### ASSIGNMENT
Hunt through the lines below for the string "where" and copy each one that has it.

### EXERCISE MATERIALS
(* Let $\chi$ be a real measurable function on $[0,\infty)$ with $\chi(t)=1$ for $0\le t\le1$ and $0\le\chi(t)\le1$ for $t>1$. Suppose that $\int_T^\infty\chi(t)\,dt=0$ for some constant $T$, where $T=\min\{t:\int_t^\infty\chi(s)\,ds=0\}$ and $T>1$. Let $\sigma$ be the solution of $u\sigma(u)=\int_0^u\sigma(u-t)\chi(t)\,dt$ for $u>1$ with $\sigma(u)=1$ for $0\le u\le1$, and let $\xi(u)$ be the unique real solution of $u=\int_1^\infty\chi(v)e^{\xi(u)v}\,dv$. Then, as $u\to\infty$, $\xi(u)=\frac{\log u}{T}(1+o(1))$ and $$\sigma(u)=\exp\left(-\frac{u\log u}{T}(1+o(1))\right).$$ *)

theory Defs
  imports "HOL-Analysis.Analysis"
begin

end

theory Submission
  imports Defs "HOL-Real_Asymp.Real_Asymp"
begin

(* Since chi vanishes beyond T, the integral equation expresses u * sigma u through the values
   of sigma on [u - T, u], with total weight at most T.  Iterating this about (1 - e) u / T times,
   down to level e u, gives sigma u <= (T / (e u))^n, hence -ln (sigma u) >= (1 - e) u ln u / T
   asymptotically.  Conversely chi has positive mass c on [b, T] for every b < T, so one step of
   length b loses at most a factor c / u, and about u / b steps give
   -ln (sigma u) <= u ln u / b asymptotically.  Both estimates use 0 <= sigma <= 1, obtained by
   bootstrapping along intervals of length 1/2.  The same two facts about chi give
   c e^(b xi u) <= u <= (T - 1) e^(T xi u), whence xi u ~ ln u / T. *)

lemma set_integrable_shift_reflect:
  fixes f :: "real \<Rightarrow> real"
  shows "set_integrable lborel {a..b} (\<lambda>t. f (u - t)) \<longleftrightarrow> set_integrable lborel {u-b..u-a} f"
proof -
  have "set_integrable lborel {u-b..u-a} f \<longleftrightarrow>
      integrable lborel (\<lambda>x. (\<lambda>r. indicator {u-b..u-a} r *\<^sub>R f r) (u + (-1) * x))"
    unfolding set_integrable_def by (rule lborel_integrable_real_affine_iff[symmetric]) simp
  also have "(\<lambda>x. (\<lambda>r. indicator {u-b..u-a} r *\<^sub>R f r) (u + (-1) * x)) =
      (\<lambda>x. indicator {a..b} x *\<^sub>R f (u - x))"
    by (auto simp: indicator_def)
  finally show ?thesis unfolding set_integrable_def by simp
qed

lemma set_integral_shift_reflect:
  fixes f :: "real \<Rightarrow> real"
  shows "(LINT t:{a..b}|lborel. f (u - t)) = (LINT r:{u-b..u-a}|lborel. f r)"
proof -
  have "(LINT r:{u-b..u-a}|lborel. f r) =
      \<bar>-1\<bar> *\<^sub>R (\<integral>x. (\<lambda>r. indicator {u-b..u-a} r *\<^sub>R f r) (u + (-1) * x) \<partial>lborel)"
    unfolding set_lebesgue_integral_def by (rule lborel_integral_real_affine) simp
  also have "(\<lambda>x. (\<lambda>r. indicator {u-b..u-a} r *\<^sub>R f r) (u + (-1) * x)) =
      (\<lambda>x. indicator {a..b} x *\<^sub>R f (u - x))"
    by (auto simp: indicator_def)
  finally show ?thesis unfolding set_lebesgue_integral_def by simp
qed

lemma integrable_indicator_Icc_mult: "integrable lborel (\<lambda>t. indicator {a..b::real} t * (c::real))"
  by (simp add: emeasure_lborel_Icc_eq)

lemma mult_unit_interval_bounds:
  fixes x c lo hi :: real
  assumes "lo \<le> 0" "0 \<le> hi" "lo \<le> x" "x \<le> hi" "0 \<le> c" "c \<le> 1"
  shows "lo \<le> x * c \<and> x * c \<le> hi"
  using assms
  by (smt (verit) mult_left_le mult_nonneg_nonneg mult_nonpos_nonneg mult_le_cancel_left1)

lemma nonpos_if_bound_halves:
  fixes d :: "'a \<Rightarrow> real"
  assumes "0 \<le> K" "\<forall>x\<in>S. d x \<le> K"
    and halves: "\<And>e. 0 \<le> e \<Longrightarrow> \<forall>x\<in>S. d x \<le> e \<Longrightarrow> \<forall>x\<in>S. d x \<le> e / 2"
  shows "\<forall>x\<in>S. d x \<le> 0"
proof
  have bound: "\<forall>x\<in>S. d x \<le> K / 2 ^ n" for n
  proof (induction n)
    case (Suc n)
    then show ?case using halves[of "K / 2 ^ n"] \<open>0 \<le> K\<close> by (simp add: field_simps)
  qed (use assms in simp)
  fix x assume "x \<in> S"
  then show "d x \<le> 0"
    using LIMSEQ_le_const[OF LIMSEQ_divide_realpow_zero[of 2 K]] bound by auto
qed

lemma tendsto_ratio_squeeze:
  fixes f h :: "'a \<Rightarrow> real"
  assumes h_pos: "\<forall>\<^sub>F x in F. 0 < h x"
    and lower: "\<And>a. a < l \<Longrightarrow>
      \<exists>g m. a < m \<and> ((\<lambda>x. g x / h x) \<longlongrightarrow> m) F \<and> (\<forall>\<^sub>F x in F. g x \<le> f x)"
    and upper: "\<And>a. l < a \<Longrightarrow>
      \<exists>g m. m < a \<and> ((\<lambda>x. g x / h x) \<longlongrightarrow> m) F \<and> (\<forall>\<^sub>F x in F. f x \<le> g x)"
  shows "((\<lambda>x. f x / h x) \<longlongrightarrow> l) F"
proof (rule order_tendstoI)
  fix a assume "a < l"
  then obtain g m where "a < m" "((\<lambda>x. g x / h x) \<longlongrightarrow> m) F" "\<forall>\<^sub>F x in F. g x \<le> f x"
    using lower by blast
  then have "\<forall>\<^sub>F x in F. a < g x / h x" by (simp add: order_tendstoD(1))
  with h_pos \<open>\<forall>\<^sub>F x in F. g x \<le> f x\<close> show "\<forall>\<^sub>F x in F. a < f x / h x"
    by eventually_elim (smt (verit) divide_right_mono)
next
  fix a assume "l < a"
  then obtain g m where "m < a" "((\<lambda>x. g x / h x) \<longlongrightarrow> m) F" "\<forall>\<^sub>F x in F. f x \<le> g x"
    using upper by blast
  then have "\<forall>\<^sub>F x in F. g x / h x < a" by (simp add: order_tendstoD(2))
  with h_pos \<open>\<forall>\<^sub>F x in F. f x \<le> g x\<close> show "\<forall>\<^sub>F x in F. f x / h x < a"
    by eventually_elim (smt (verit) divide_right_mono)
qed

lemma relative_error_if_tendsto_ratio:
  fixes f h :: "'a \<Rightarrow> real"
  assumes "((\<lambda>x. f x / h x) \<longlongrightarrow> 1) F" "\<forall>\<^sub>F x in F. h x \<noteq> 0"
  shows "\<exists>\<epsilon>. (\<epsilon> \<longlongrightarrow> 0) F \<and> (\<forall>\<^sub>F x in F. f x = h x * (1 + \<epsilon> x))"
proof (intro exI conjI)
  show "((\<lambda>x. f x / h x - 1) \<longlongrightarrow> 0) F"
    using tendsto_diff[OF assms(1) tendsto_const[of 1]] by simp
  show "\<forall>\<^sub>F x in F. f x = h x * (1 + (f x / h x - 1))"
    using assms(2) by eventually_elim simp
qed

locale cutoff_kernel =
  fixes chi :: "real \<Rightarrow> real" and T :: real
  assumes chi_meas: "set_borel_measurable lborel {0..} chi"
    and chi_one: "\<And>t. 0 \<le> t \<Longrightarrow> t \<le> 1 \<Longrightarrow> chi t = 1"
    and chi_bounds: "\<And>t. t > 1 \<Longrightarrow> 0 \<le> chi t \<and> chi t \<le> 1"
    and T_gt: "T > 1"
    and T_zero: "(\<integral>\<^sup>+ s\<in>{T..}. ennreal (chi s) \<partial>lborel) = 0"
    and T_min: "\<And>t. 0 \<le> t \<Longrightarrow> (\<integral>\<^sup>+ s\<in>{t..}. ennreal (chi s) \<partial>lborel) = 0 \<Longrightarrow> T \<le> t"
begin

lemma chi_range: "0 \<le> t \<Longrightarrow> 0 \<le> chi t \<and> chi t \<le> 1"
  using chi_one chi_bounds by (cases "t \<le> 1") auto

lemma borel_measurable_indicator_chi:
  assumes "S \<subseteq> {0..}" "S \<in> sets borel"
  shows "(\<lambda>t. indicator S t * chi t) \<in> borel_measurable lborel"
proof -
  have chi_meas': "(\<lambda>t. indicator {0..} t * chi t) \<in> borel_measurable lborel"
    using chi_meas by (simp add: set_borel_measurable_def)
  have "(\<lambda>t. indicator S t * (indicator {0..} t * chi t)) \<in> borel_measurable lborel"
    using assms(2) by (intro borel_measurable_times[OF _ chi_meas']) auto
  also have "(\<lambda>t. indicator S t * (indicator {0..} t * chi t)) = (\<lambda>t. indicator S t * chi t)"
    using assms(1) by (intro ext) (auto simp: indicator_def)
  finally show ?thesis .
qed

lemma set_integrable_chi:
  assumes "0 \<le> a"
  shows "set_integrable lborel {a..b} chi"
  unfolding set_integrable_def
proof (rule Bochner_Integration.integrable_bound)
  show "integrable lborel (\<lambda>t. indicator {a..b} t * (1::real))"
    by (rule integrable_indicator_Icc_mult)
  show "(\<lambda>t. indicator {a..b} t *\<^sub>R chi t) \<in> borel_measurable lborel"
    using borel_measurable_indicator_chi[of "{a..b}"] assms by auto
  show "AE t in lborel. norm (indicator {a..b} t *\<^sub>R chi t) \<le> norm (indicator {a..b} t * (1::real))"
    using chi_range assms by (auto simp: indicator_def)
qed

lemma chi_mass_le:
  assumes "0 \<le> a" "a \<le> b"
  shows "(LINT t:{a..b}|lborel. chi t) \<le> b - a"
proof -
  have "(LINT t:{a..b}|lborel. chi t) \<le> (LINT t:{a..b}|lborel. 1)"
    using assms chi_range set_integrable_chi[OF assms(1)] integrable_indicator_Icc_mult[of a b 1]
    by (intro set_integral_mono) (auto simp: set_integrable_def)
  then show ?thesis
    using assms by (simp add: set_lebesgue_integral_def)
qed

lemma chi_mass_nonneg:
  assumes "0 \<le> a"
  shows "0 \<le> (LINT t:{a..b}|lborel. chi t)"
  unfolding set_lebesgue_integral_def using assms chi_range
  by (intro integral_nonneg_AE AE_I2) (auto simp: indicator_def)

lemma nn_integral_chi_tail_eq_0_iff:
  assumes "0 \<le> a"
  shows "(\<integral>\<^sup>+ s\<in>{a..}. ennreal (chi s) \<partial>lborel) = 0 \<longleftrightarrow> (AE s in lborel. a \<le> s \<longrightarrow> chi s = 0)"
proof -
  have "(\<lambda>s. ennreal (indicator {a..} s * chi s)) \<in> borel_measurable lborel"
    using assms by (intro measurable_compose_rev[OF _ borel_measurable_indicator_chi]) auto
  moreover have "ennreal (chi s) * indicator {a..} s = ennreal (indicator {a..} s * chi s)" for s
    by (auto simp: indicator_def)
  moreover have "ennreal (indicator {a..} s * chi s) = 0 \<longleftrightarrow> (a \<le> s \<longrightarrow> chi s = 0)" for s
    using assms chi_range[of s] by (auto simp: indicator_def)
  ultimately show ?thesis
    by (simp add: nn_integral_0_iff_AE)
qed

lemma AE_chi_eq_0: "AE t in lborel. T \<le> t \<longrightarrow> chi t = 0"
  using T_zero T_gt nn_integral_chi_tail_eq_0_iff[of T] by simp

lemma chi_mass_pos:
  assumes "0 \<le> a" "a < T"
  shows "0 < (LINT t:{a..T}|lborel. chi t)"
proof -
  have int: "integrable lborel (\<lambda>t. indicator {a..T} t * chi t)"
    using set_integrable_chi[OF assms(1)] by (simp add: set_integrable_def)
  have nonneg: "AE t in lborel. 0 \<le> indicator {a..T} t * chi t"
    using assms chi_range by (intro AE_I2) (auto simp: indicator_def)
  have "(LINT t:{a..T}|lborel. chi t) \<noteq> 0"
  proof
    assume "(LINT t:{a..T}|lborel. chi t) = 0"
    then have "AE t in lborel. indicator {a..T} t * chi t = 0"
      using integral_nonneg_eq_0_iff_AE[OF int nonneg] by (simp add: set_lebesgue_integral_def)
    with AE_chi_eq_0 have "AE s in lborel. a \<le> s \<longrightarrow> chi s = 0"
      by eventually_elim (auto simp: indicator_def split: if_splits)
    then have "T \<le> a"
      using T_min assms nn_integral_chi_tail_eq_0_iff by simp
    with assms show False by simp
  qed
  with chi_mass_nonneg[OF assms(1), of T] show ?thesis by simp
qed

definition exp_moment :: "real \<Rightarrow> real" where
  "exp_moment z = (LINT v:{1..}|lborel. chi v * exp (z * v))"

lemma exp_moment_integrand_bound:
  "AE v in lborel. 0 \<le> indicator {1..} v * (chi v * exp (z * v)) \<and>
     indicator {1..} v * (chi v * exp (z * v)) \<le> indicator {1..T} v * exp (max z 0 * T)"
  using AE_chi_eq_0
proof eventually_elim
  case (elim v)
  show ?case
  proof (cases "1 \<le> v \<and> v \<le> T")
    case True
    have "z * v \<le> max z 0 * v" using True by (intro mult_right_mono) auto
    also have "\<dots> \<le> max z 0 * T" using True by (intro mult_left_mono) auto
    finally have "exp (z * v) \<le> exp (max z 0 * T)" by simp
    moreover have "chi v * exp (z * v) \<le> exp (z * v)"
      using chi_range[of v] True by (simp add: mult_left_le_one_le)
    ultimately have "chi v * exp (z * v) \<le> exp (max z 0 * T)" by linarith
    then show ?thesis using True chi_range[of v] by (simp add: indicator_def)
  next
    case False
    then consider "v < 1" | "T < v" by linarith
    then show ?thesis by cases (use elim in \<open>auto simp: indicator_def\<close>)
  qed
qed

lemma integrable_exp_moment:
  "integrable lborel (\<lambda>v. indicator {1..} v * (chi v * exp (z * v)))"
proof (rule Bochner_Integration.integrable_bound)
  show "integrable lborel (\<lambda>v. indicator {1..T} v * exp (max z 0 * T))"
    by (rule integrable_indicator_Icc_mult)
  have "(\<lambda>v. indicator {1..} v * chi v * exp (z * v)) \<in> borel_measurable lborel"
    by (intro borel_measurable_times borel_measurable_indicator_chi) auto
  then show "(\<lambda>v. indicator {1..} v * (chi v * exp (z * v))) \<in> borel_measurable lborel"
    by (simp add: mult.assoc)
  show "AE v in lborel. norm (indicator {1..} v * (chi v * exp (z * v))) \<le>
      norm (indicator {1..T} v * exp (max z 0 * T))"
    by (rule eventually_mono[OF exp_moment_integrand_bound[of z]]) simp
qed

### SOLUTION FOR THIS PROBLEM
(* Let $\chi$ be a real measurable function on $[0,\infty)$ with $\chi(t)=1$ for $0\le t\le1$ and $0\le\chi(t)\le1$ for $t>1$. Suppose that $\int_T^\infty\chi(t)\,dt=0$ for some constant $T$, where $T=\min\{t:\int_t^\infty\chi(s)\,ds=0\}$ and $T>1$. Let $\sigma$ be the solution of $u\sigma(u)=\int_0^u\sigma(u-t)\chi(t)\,dt$ for $u>1$ with $\sigma(u)=1$ for $0\le u\le1$, and let $\xi(u)$ be the unique real solution of $u=\int_1^\infty\chi(v)e^{\xi(u)v}\,dv$. Then, as $u\to\infty$, $\xi(u)=\frac{\log u}{T}(1+o(1))$ and $$\sigma(u)=\exp\left(-\frac{u\log u}{T}(1+o(1))\right).$$ *)
  then obtain g m where "a < m" "((\<lambda>x. g x / h x) \<longlongrightarrow> m) F" "\<forall>\<^sub>F x in F. g x \<le> f x"
  then obtain g m where "m < a" "((\<lambda>x. g x / h x) \<longlongrightarrow> m) F" "\<forall>\<^sub>F x in F. f x \<le> g x"
definition exp_moment :: "real \<Rightarrow> real" where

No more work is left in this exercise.